Every redundant quote, every structural delimiter, every human-friendly naming convention costs tokens. And tokens cost money, latency, and context window space.
The data formats we use today — JSON, XML, YAML — were never designed with tokenization in mind. They were designed for human eyes. The result is that AI agents spend a significant portion of their processing budget on syntax rather than semantics.

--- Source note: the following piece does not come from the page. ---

(* In the standing setup, for all $S,T\in\mathfrak{S}$ we have $|\mathcal{N}_{(S,T)}|\le\gcd(\mathrm{eff}(\sigma^+_S),-\mathrm{eff}(\sigma^-_T))$ (whenever $\mathcal{N}_{(S,T)}\neq\emptyset$, so that both cycles are defined).
   Context: $\mathbb{N}=\{0,1,2,\dots\}$. A one-counter system (OCS) $\mathcal{O}$ consists of a finite set $Q$ of states, a set $T_{>0}\subseteq Q\times\{-1,0,1\}\times Q$ of non-zero transitions and a set $T_{=0}\subseteq Q\times\{0,1\}\times Q$ of zero tests. A configuration is a pair $(q,c)\in Q\times\mathbb{N}$ (state $q$, counter value $c$). A transition $t=(p,d,q)$ has source $p$, target $q$, effect $d$; it can be fired in $(p,c)$ if either $t\in T_{>0}$ and $c>0$, or $t\in T_{=0}$ and $c=0$, yielding $(q,c+d)$. A path is a sequence $(\gamma_1,t_1)\cdots(\gamma_m,t_m)$ such that, with some $\gamma_{m+1}$, firing $t_i$ in $\gamma_i$ yields $\gamma_{i+1}$ for all $i\le m$; its source is $\gamma_1$, target $\gamma_{m+1}$, length $\mathrm{len}=m$, configurations appearing on it are $\gamma_1,\dots,\gamma_{m+1}$, intermediate ones are $\gamma_2,\dots,\gamma_m$; its projection is $\mathrm{proj}=t_1\cdots t_m$ and its effect $\mathrm{eff}$ is the sum of the effects of its transitions. A sequence of transitions is consistent if each transition's target is the next one's source. A cycle is a consistent sequence of non-zero transitions starting and ending in the same state (its base state); positive/negative if its effect is positive/negative; simple if no state is visited twice except the base at start and end. The transition multigraph $G$ has vertices $Q$ and an edge $p\to q$ labelled $d$ for each $(p,d,q)\in T_{>0}$; $\mathfrak{S}$ is the set of its SCCs and $n_S$ the number of states in $S\in\mathfrak{S}$. A cycle is contained in $S$ if all its states lie in $S$; $S$ is positively (negatively) enabled if it contains a positive (negative) cycle. For every positively enabled $S$ a simple positive cycle $\sigma^+_S$ contained in $S$ is fixed, and for every negatively enabled $T$ a simple negative cycle $\sigma^-_T$ contained in $T$. An arc is a path whose source and target have counter value $0$ and whose intermediate configurations have positive counter value. A path is low if all configurations appearing on it have counter value $<5n$, where $n=|Q|$. For $S,T\in\mathfrak{S}$, an arc $\rho$ is $(S,T)$-normal if $\rho=\rho_{\mathrm{pref}}\rho_{\mathrm{up}}\rho_{\mathrm{cap}}\rho_{\mathrm{down}}\rho_{\mathrm{suff}}$ (normal decomposition) with $\rho_{\mathrm{pref}},\rho_{\mathrm{suff}}$ low, $\mathrm{proj}(\rho_{\mathrm{up}})=(\sigma^+_S)^a$, $\mathrm{proj}(\rho_{\mathrm{down}})=(\sigma^-_T)^b$ for some $a,b\in\mathbb{N}$, the source of $\rho_{\mathrm{cap}}$ having the base state of $\sigma^+_S$ and its target the base state of $\sigma^-_T$. Writing $A=\mathrm{eff}(\sigma^+_S)$, $B=-\mathrm{eff}(\sigma^-_T)$, such a decomposition is good if: (iii) $aA\le 2\,\mathrm{len}(\rho_{\mathrm{cap}})+2\,\mathrm{lcm}(A,B)$; (iv) $bB\le 2\,\mathrm{len}(\rho_{\mathrm{cap}})+2\,\mathrm{lcm}(A,B)$; (v) no infix of $\mathrm{proj}(\rho_{\mathrm{cap}})$ is a cycle with effect divisible by $\gcd(A,B)$; (vi) the target of $\rho_{\mathrm{up}}$ and the source of $\rho_{\mathrm{down}}$ have counter values $>n$; (vii) all configurations appearing on $\rho_{\mathrm{pref}}$ and $\rho_{\mathrm{suff}}$ together are pairwise distinct. Standing setup: $\alpha,\beta$ are configurations with counter value $0$; $\rho=\rho^1\rho^2\cdots\rho^k$ is a path from $\alpha$ to $\beta$ that has the minimum possible number of appearing configurations with counter value $0$ among all paths from $\alpha$ to $\beta$; each $\rho^i$ is an arc; $\{1,\dots,k\}=\mathcal{L}\sqcup\mathcal{N}$ where for $i\in\mathcal{L}$, $\rho^i$ is a low arc of minimum length among all low arcs with the same source and target, and for $i\in\mathcal{N}$, $\rho^i$ is $(S_i,T_i)$-normal for some $S_i,T_i\in\mathfrak{S}$ with a fixed good normal decomposition $\rho^i=\rho^i_{\mathrm{pref}}\rho^i_{\mathrm{up}}\rho^i_{\mathrm{cap}}\rho^i_{\mathrm{down}}\rho^i_{\mathrm{suff}}$. For $S,T\in\mathfrak{S}$: $\mathcal{N}_{(S,T)}=\{i\in\mathcal{N}: (S_i,T_i)=(S,T)\}$, $\mathcal{N}_{(S,\cdot)}=\{i\in\mathcal{N}:S_i=S\}$, $\mathcal{N}_{(\cdot,T)}=\{i\in\mathcal{N}:T_i=T\}$. *)

theory Defs
  imports Main
begin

The Data: 26–71% Token Reduction
We didn't just theorize. We benchmarked. Across 9 live model APIs (MiMo, DeepSeek, Grok, GLM-5.1, Qwen3.6, Hy3, Kimi-K2.6, Nex-N2, and more), we tested MarkZero (Agent IR) against JSON, Markdown, TOON, and other formats.
The results:
| Scenario | MarkZero | JSON | Markdown | Reduction |
|---|---|---|---|---|
| Java OOM (flat, repeated data) | 137 tokens | 192 tokens | 154 tokens | 28.6% |
| LLM Reasoning (AST Node Repair) | 687 tokens | 928 tokens | — | 26% |
| Nested JS (after escaper fix) | 120 tokens | 157 tokens | — | 23.6% |
The range is 26–71% because efficiency depends on data shape. Flat, repeated data benefits most from value interning. The pattern is clear: the more structured data you throw at an LLM, the more tokens you save with Agent IR.
The Key Insight: Agent IR vs Human IR
Here's what makes this fundamentally different from every other "compact format" proposal:
TOON, ONTO, JTON, TERSE — they all use visual delimiters. Indentation, columnar alignment, special characters arranged to be visually parsable by humans. They're still Human IR (Intermediate Representation).
Agent IR is different. It doesn't try to be readable. It uses flat relational referencing — values are interned once and referenced by position. The "markup" is optimized for tokenization, not for your eyes.
Markup is for Screens. Markdown is for Docs. MarkZero is for Intelligence.
This distinction matters. A human can glance at JSON and understand the structure. An LLM doesn't "glance" — it tokenizes. And every token that carries structural overhead instead of semantic meaning is a wasted token.
The Discovery: Header Placement Matters (5.4× Difference)
During our LLM reasoning benchmark with MiMo on an AST node repair task, we found something unexpected. The same MarkZero header — the decoder instructions that tell the LLM how to interpret the format — produced wildly different results depending on where you put it.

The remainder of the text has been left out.